→ **THE INPUT**:
lemma recurrence_last_entry_bound:
  fixes u :: "nat \<Rightarrow> complex"
  assumes N: "2 \<le> N" and c: "\<bar>c\<bar> \<le> \<rho>" "\<rho> < 1"
    and rec: "\<And>j. j + 2 < N \<Longrightarrow> u (j+2) = 2 * of_real c * u (j+1) - u j"
    and norm: "(\<Sum>j<N. (cmod (u j))\<^sup>2) = 1"
  shows "(cmod (u (N-1)))\<^sup>2 \<le> 4 / ((real N - 1) * (1 - \<rho>))"
proof -
  define g where "g j = (cmod (u j))\<^sup>2" for j
  define T where "T = transfer_form c (u 0) (u 1)"
  have g: "0 \<le> g j" for j by (simp add: g_def)
  have conserved: "transfer_form c (u j) (u (j+1)) = T" if "j + 1 < N" for j
    using transfer_form_conserved[OF rec that] by (simp add: T_def)
  have pair_weight: "T \<le> 2 * (g j + g (j+1))" if "j + 1 < N" for j
  proof -
    have "T \<le> (1 + \<bar>c\<bar>) * (g j + g (j+1))"
      using transfer_form_bounds(2)[of c "u j" "u (j+1)"] conserved[OF that] by (simp add: g_def)
    also have "\<dots> \<le> 2 * (g j + g (j+1))" using c g[of j] g[of "j+1"] by (intro mult_right_mono) auto
    finally show ?thesis .
  qed
  have "real (N-1) * T = (\<Sum>j<N-1. T)" by simp
  also have "\<dots> \<le> (\<Sum>j<N-1. 2 * (g j + g (j+1)))" using pair_weight by (intro sum_mono) auto
  also have "\<dots> = 2 * (\<Sum>j<N-1. g j + g (j+1))" by (simp add: sum_distrib_left)
  also have "\<dots> \<le> 2 * (2 * (\<Sum>j<N. g j))" using sum_adjacent_pairs_le[of g N] g by simp
  also have "\<dots> = 4" using norm by (simp add: g_def)
  finally have T: "real (N-1) * T \<le> 4" .
  have "(1 - \<rho>) * g (N-1) \<le> (1 - \<bar>c\<bar>) * (g (N-2) + g (N-1))"
    using c g[of "N-1"] g[of "N-2"] by (intro mult_mono) auto
  also have "\<dots> \<le> T"
    using transfer_form_bounds(1)[of c "u (N-2)" "u (N-1)"] conserved[of "N-2"] N
    by (simp add: g_def numeral_2_eq_2 Suc_diff_Suc)
  finally have "real (N-1) * ((1 - \<rho>) * g (N-1)) \<le> 4"
    using T N by (meson order_trans mult_left_mono of_nat_0_le_iff)
  moreover have "0 < (real N - 1) * (1 - \<rho>)" using N c by simp
  ultimately show ?thesis using N by (simp add: g_def pos_le_divide_eq of_nat_diff ac_simps)
qed
lemma FmuL_upper_bound:
  fixes f :: "'a::euclidean_space \<Rightarrow> real"
  assumes f: "f \<in> FmuL \<mu> (ereal l)" and g: "g \<in> subdiff \<mu> f w"
  shows "f z \<le> f w + g \<bullet> (z - w) + l / 2 * (norm (z - w))\<^sup>2"
proof -
  define k where "k = (\<lambda>x. l / 2 * (norm x)\<^sup>2 - f x)"
  have k: "convex_on UNIV k"
    using f by (simp add: FmuL_def k_def)
  define d where "d = z - w"
  (* Midpoint convexity of k between w \<plusminus> t d and the subgradient lower bound for f at w - t d
     bound k (w + t d) from below. *)
  have "k w + (l *\<^sub>R w - g) \<bullet> d \<le> k (w + d)"
  proof (rule convex_on_increment_ge[OF k, where b = "(l - \<mu>) / 2 * (norm d)\<^sup>2"])
    fix t :: real
    have "k w \<le> k (w + t *\<^sub>R d) / 2 + k (w - t *\<^sub>R d) / 2"
      using convex_onD[OF k, of "1/2" "w + t *\<^sub>R d" "w - t *\<^sub>R d"]
      by (simp add: scaleR_add_right[symmetric] del: scaleR_add_right)
    moreover have "f w - t * (g \<bullet> d) + \<mu> / 2 * (t\<^sup>2 * (norm d)\<^sup>2) \<le> f (w - t *\<^sub>R d)"
      using subdiff_le[OF g, of "w - t *\<^sub>R d"] by (simp add: power_mult_distrib)
    ultimately show "k w + t * ((l *\<^sub>R w - g) \<bullet> d) - t\<^sup>2 * ((l - \<mu>) / 2 * (norm d)\<^sup>2) \<le> k (w + t *\<^sub>R d)"
      unfolding k_def power2_norm_add_scaleR power2_norm_diff_scaleR
      by (simp add: inner_diff_left field_simps)
  qed
  then have "l / 2 * (norm w)\<^sup>2 - f w + l * (w \<bullet> d) - g \<bullet> d \<le> l / 2 * (norm z)\<^sup>2 - f z"
    by (simp add: k_def d_def inner_diff_left)
  moreover have "(norm z)\<^sup>2 = (norm w)\<^sup>2 + 2 * (w \<bullet> d) + (norm d)\<^sup>2"
    using power2_norm_add_scaleR[of w 1 d] by (simp add: d_def)
  then have "l / 2 * (norm z)\<^sup>2 = l / 2 * (norm w)\<^sup>2 + l * (w \<bullet> d) + l / 2 * (norm d)\<^sup>2"
    by (simp add: ring_distribs)
  ultimately show ?thesis
    unfolding d_def[symmetric] by linarith
qed
lemma component_eq_singleton_if_no_ball_edges:
  assumes "v \<in> S" "ball_edges v = 0"
  shows "S = {v}"
proof -
  have "v \<in> V" using assms(1) S_subset_V by blast
  have no_adj: "\<not> Adj v u" for u
  proof
    assume "Adj v u"
    then have "gd u v \<le> enat 1" using Adj_sym gdist_adj by blast
    then have "gd u v \<le> enat a" using a_pos le_enat_trans by simp
    then have "u \<in> ball_r V Adj a v" "v \<in> ball_r V Adj a v"
      using \<open>v \<in> V\<close> gdist_refl gdist_memD unfolding ball_r_def by blast+
    then have "{v, u} \<in> edges_in Adj (ball_r V Adj a v)"
      using \<open>Adj v u\<close> unfolding edges_in_def by blast
    then show False using assms(2) finite_edges_in_ball by (simp add: card_eq_0_iff)
  qed
  have "y = v" if y: "y \<in> S" for y
  proof -
    obtain n where "dist_in Adj S v y \<le> enat n"
      using component_connected[OF Adj_sym component assms(1) y] by blast
    then obtain xs where xs: "walk_in Adj S xs" "hd xs = v" "last xs = y"
      using dist_in_le_enat_iff by metis
    then obtain ys where "xs = v # ys" unfolding walk_in_def by (cases xs) auto
    with xs(1) no_adj have "ys = []"
      unfolding walk_in_iff_successively by (cases ys) (auto simp: successively_Cons)
    with xs \<open>xs = v # ys\<close> show "y = v" by simp
  qed
  then show ?thesis using assms(1) by blast
qed

lemma separated_balls_disjoint:
  assumes "separated Y" "y \<in> Y" "y' \<in> Y" "y \<noteq> y'"
  shows "ball_r V Adj a y \<inter> ball_r V Adj a y' = {}"
proof (rule ccontr)
  assume "ball_r V Adj a y \<inter> ball_r V Adj a y' \<noteq> {}"
  then obtain q where "gd q y \<le> enat a" "gd q y' \<le> enat a" unfolding ball_r_def by blast
  then have "gd y y' \<le> enat (a + a)" using gdist_triangle[OF gdist_sym] by blast
  then show False using assms unfolding separated_def by (simp add: mult_2 not_le[symmetric])
qed

lemma sum_ball_edges_separated_le:
  assumes "separated Y" "Y \<subseteq> ball_r V Adj R v"
  shows "(\<Sum>y\<in>Y. ball_edges y) \<le> card (edges_in Adj (ball_r V Adj (R + a) v))"
proof -
  have "finite Y" using assms(2) finite_V unfolding ball_r_def by (auto intro: finite_subset)
  have "ball_r V Adj a y \<subseteq> ball_r V Adj (R + a) v" if "y \<in> Y" for y
    using assms(2) that gdist_triangle unfolding ball_r_def by (fastforce simp: add.commute)
  then have sub: "(\<Union>y\<in>Y. edges_in Adj (ball_r V Adj a y)) \<subseteq> edges_in Adj (ball_r V Adj (R + a) v)"
    using edges_in_mono by blast
  have "\<forall>y\<in>Y. \<forall>y'\<in>Y. y \<noteq> y' \<longrightarrow>
      edges_in Adj (ball_r V Adj a y) \<inter> edges_in Adj (ball_r V Adj a y') = {}"
    by (intro ballI impI edges_in_disjoint separated_balls_disjoint[OF assms(1)])
  then have "(\<Sum>y\<in>Y. ball_edges y) = card (\<Union>y\<in>Y. edges_in Adj (ball_r V Adj a y))"
    using \<open>finite Y\<close> finite_edges_in_ball by (intro card_UN_disjoint[symmetric]) auto
  also have "\<dots> \<le> card (edges_in Adj (ball_r V Adj (R + a) v))"
    using sub finite_edges_in_ball by (rule card_mono[rotated])
  finally show ?thesis .
qed

lemma card_separated_in_sparse_ball_le:
  assumes "card (edges_in Adj (ball_r V Adj (R + a) v)) \<le> c * ball_edges v" "0 < ball_edges v"
    and "separated Y" "Y \<subseteq> ball_r V Adj R v" "\<And>y. y \<in> Y \<Longrightarrow> ball_edges v \<le> ball_edges y"
  shows "card Y \<le> c"
proof -
  have "card Y * ball_edges v \<le> (\<Sum>y\<in>Y. ball_edges y)"
    using assms(5) sum_mono[of Y "\<lambda>_. ball_edges v" ball_edges] by simp
  also have "\<dots> \<le> c * ball_edges v"
    using sum_ball_edges_separated_le[OF assms(3,4)] assms(1) by linarith
  finally show ?thesis using assms(2) by simp
qed
lemma matrix_inv_entry:
  assumes "invertible (A::real^'n^'n)"
  shows "matrix_inv A $ a $ b = det (\<chi> i j. if j = a then axis b 1 $ i else A$i$j) / det A"
proof -
  have "A *v (matrix_inv A *v axis b 1) = axis b 1"
    by (simp add: matrix_vector_mul_assoc matrix_inv_mult(1)[OF assms])
  then have "matrix_inv A *v axis b 1
      = (\<chi> k. det (\<chi> i j. if j = k then axis b 1 $ i else A$i$j) / det A)"
    using cramer assms invertible_det_nz by blast
  then have "(matrix_inv A *v axis b 1) $ a
      = det (\<chi> i j. if j = a then axis b 1 $ i else A$i$j) / det A"
    by simp
  then show ?thesis by (simp add: matrix_vector_mult_basis column_def)
qed

lemma matrix_inv_symmetric:
  assumes "invertible (A::real^'n^'n)" "transpose A = A"
  shows "transpose (matrix_inv A) = matrix_inv A"
proof -
  let ?N = "matrix_inv A"
  have "transpose (A ** ?N) = mat 1" using matrix_inv_mult(1)[OF assms(1)] by simp
  then have left: "transpose ?N ** A = mat 1" using assms(2) by (simp add: matrix_transpose_mul)
  have "transpose ?N = transpose ?N ** (A ** ?N)" by (simp add: matrix_inv_mult(1)[OF assms(1)])
  also have "\<dots> = ?N" by (simp add: matrix_mul_assoc left)
  finally show ?thesis .
qed

lemma bilinear_form_sum:
  "(\<Sum>i\<in>UNIV. \<Sum>j\<in>UNIV. G$i$j * x$i * y$j) = x \<bullet> ((G::real^'i^'i) *v y)"
  by (simp add: inner_vec_def matrix_vector_mult_def sum_distrib_left algebra_simps)

lemma symmetric_form_swap:
  "transpose G = G \<Longrightarrow> x \<bullet> ((G::real^'i^'i) *v y) = y \<bullet> (G *v x)"
  by (metis dot_lmul_matrix inner_commute transpose_matrix_vector)

lemma transpose_eq_if_form_symmetric:
  assumes "\<And>x y. x \<bullet> ((A::real^'n^'n) *v y) = y \<bullet> (A *v x)"
  shows "transpose A = A"
proof -
  have "A $ i $ j = axis i 1 \<bullet> (A *v axis j 1)" for i j
    by (metis cart_eq_inner_axis column_def inner_commute matrix_vector_mult_basis vec_lambda_beta)
  then show ?thesis by (simp add: vec_eq_iff transpose_def assms)
qed

lemma complete_square:
  assumes "transpose N = N" "N ** M = (mat 1::real^'k^'k)" "transpose M = M"
  shows "P \<bullet> (N *v P) = 2 * (P \<bullet> u) - u \<bullet> (M *v u) + (M *v u - P) \<bullet> (N *v (M *v u - P))"
proof -
  have NM: "N *v (M *v u) = u" by (simp add: matrix_vector_mul_assoc assms(2))
  have "(M *v u) \<bullet> (N *v P) = P \<bullet> u"
    using symmetric_form_swap[OF assms(1), of "M *v u" P] NM by simp
  then show ?thesis
    by (simp add: algebra_simps inner_diff_left inner_diff_right NM inner_commute[of "M *v u" u])
qed

lemma sum_UNIV_Plus:
  "(\<Sum>i\<in>(UNIV::('k::finite+'n::finite) set). f i) = (\<Sum>a\<in>UNIV. f (Inl a)) + (\<Sum>\<alpha>\<in>UNIV. f (Inr \<alpha>))"
  by (simp add: UNIV_Plus_UNIV[symmetric] sum.Plus del: UNIV_Plus_UNIV)

lemma inner_Plus:
  fixes x y :: "real^('k::finite+'n::finite)"
  shows "x \<bullet> y = (\<Sum>a\<in>UNIV. x$Inl a * y$Inl a) + (\<Sum>\<alpha>\<in>UNIV. x$Inr \<alpha> * y$Inr \<alpha>)"
  by (simp add: inner_vec_def sum_UNIV_Plus)

lemma vec_eq_Plus:
  fixes x y :: "real^('k::finite+'n::finite)"
  shows "x = y \<longleftrightarrow> (\<forall>a. x$Inl a = y$Inl a) \<and> (\<forall>\<alpha>. x$Inr \<alpha> = y$Inr \<alpha>)"
  by (metis vec_eq_iff old.sum.exhaust)

definition lift :: "(real^('k::finite+'n::finite) \<Rightarrow> 'n \<Rightarrow> 'k \<Rightarrow> real) \<Rightarrow> real^('k+'n)
                    \<Rightarrow> real^'k \<Rightarrow> real^('k+'n)" where
  "lift \<Gamma> q x = (\<chi> i. case i of Inl a \<Rightarrow> x$a | Inr \<alpha> \<Rightarrow> (\<Sum>a\<in>UNIV. \<Gamma> q \<alpha> a * x$a))"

→ **BRIEF**: Copy range, inclusive: the line holding "by (simp add: ring_distribs)" to the line holding "(auto intro: finite_subset)". Reproduce exactly those lines of the records above and no others.

→ **REPLY**:
    by (simp add: ring_distribs)
  ultimately show ?thesis
    unfolding d_def[symmetric] by linarith
qed
lemma component_eq_singleton_if_no_ball_edges:
  assumes "v \<in> S" "ball_edges v = 0"
  shows "S = {v}"
proof -
  have "v \<in> V" using assms(1) S_subset_V by blast
  have no_adj: "\<not> Adj v u" for u
  proof
    assume "Adj v u"
    then have "gd u v \<le> enat 1" using Adj_sym gdist_adj by blast
    then have "gd u v \<le> enat a" using a_pos le_enat_trans by simp
    then have "u \<in> ball_r V Adj a v" "v \<in> ball_r V Adj a v"
      using \<open>v \<in> V\<close> gdist_refl gdist_memD unfolding ball_r_def by blast+
    then have "{v, u} \<in> edges_in Adj (ball_r V Adj a v)"
      using \<open>Adj v u\<close> unfolding edges_in_def by blast
    then show False using assms(2) finite_edges_in_ball by (simp add: card_eq_0_iff)
  qed
  have "y = v" if y: "y \<in> S" for y
  proof -
    obtain n where "dist_in Adj S v y \<le> enat n"
      using component_connected[OF Adj_sym component assms(1) y] by blast
    then obtain xs where xs: "walk_in Adj S xs" "hd xs = v" "last xs = y"
      using dist_in_le_enat_iff by metis
    then obtain ys where "xs = v # ys" unfolding walk_in_def by (cases xs) auto
    with xs(1) no_adj have "ys = []"
      unfolding walk_in_iff_successively by (cases ys) (auto simp: successively_Cons)
    with xs \<open>xs = v # ys\<close> show "y = v" by simp
  qed
  then show ?thesis using assms(1) by blast
qed

lemma separated_balls_disjoint:
  assumes "separated Y" "y \<in> Y" "y' \<in> Y" "y \<noteq> y'"
  shows "ball_r V Adj a y \<inter> ball_r V Adj a y' = {}"
proof (rule ccontr)
  assume "ball_r V Adj a y \<inter> ball_r V Adj a y' \<noteq> {}"
  then obtain q where "gd q y \<le> enat a" "gd q y' \<le> enat a" unfolding ball_r_def by blast
  then have "gd y y' \<le> enat (a + a)" using gdist_triangle[OF gdist_sym] by blast
  then show False using assms unfolding separated_def by (simp add: mult_2 not_le[symmetric])
qed

lemma sum_ball_edges_separated_le:
  assumes "separated Y" "Y \<subseteq> ball_r V Adj R v"
  shows "(\<Sum>y\<in>Y. ball_edges y) \<le> card (edges_in Adj (ball_r V Adj (R + a) v))"
proof -
  have "finite Y" using assms(2) finite_V unfolding ball_r_def by (auto intro: finite_subset)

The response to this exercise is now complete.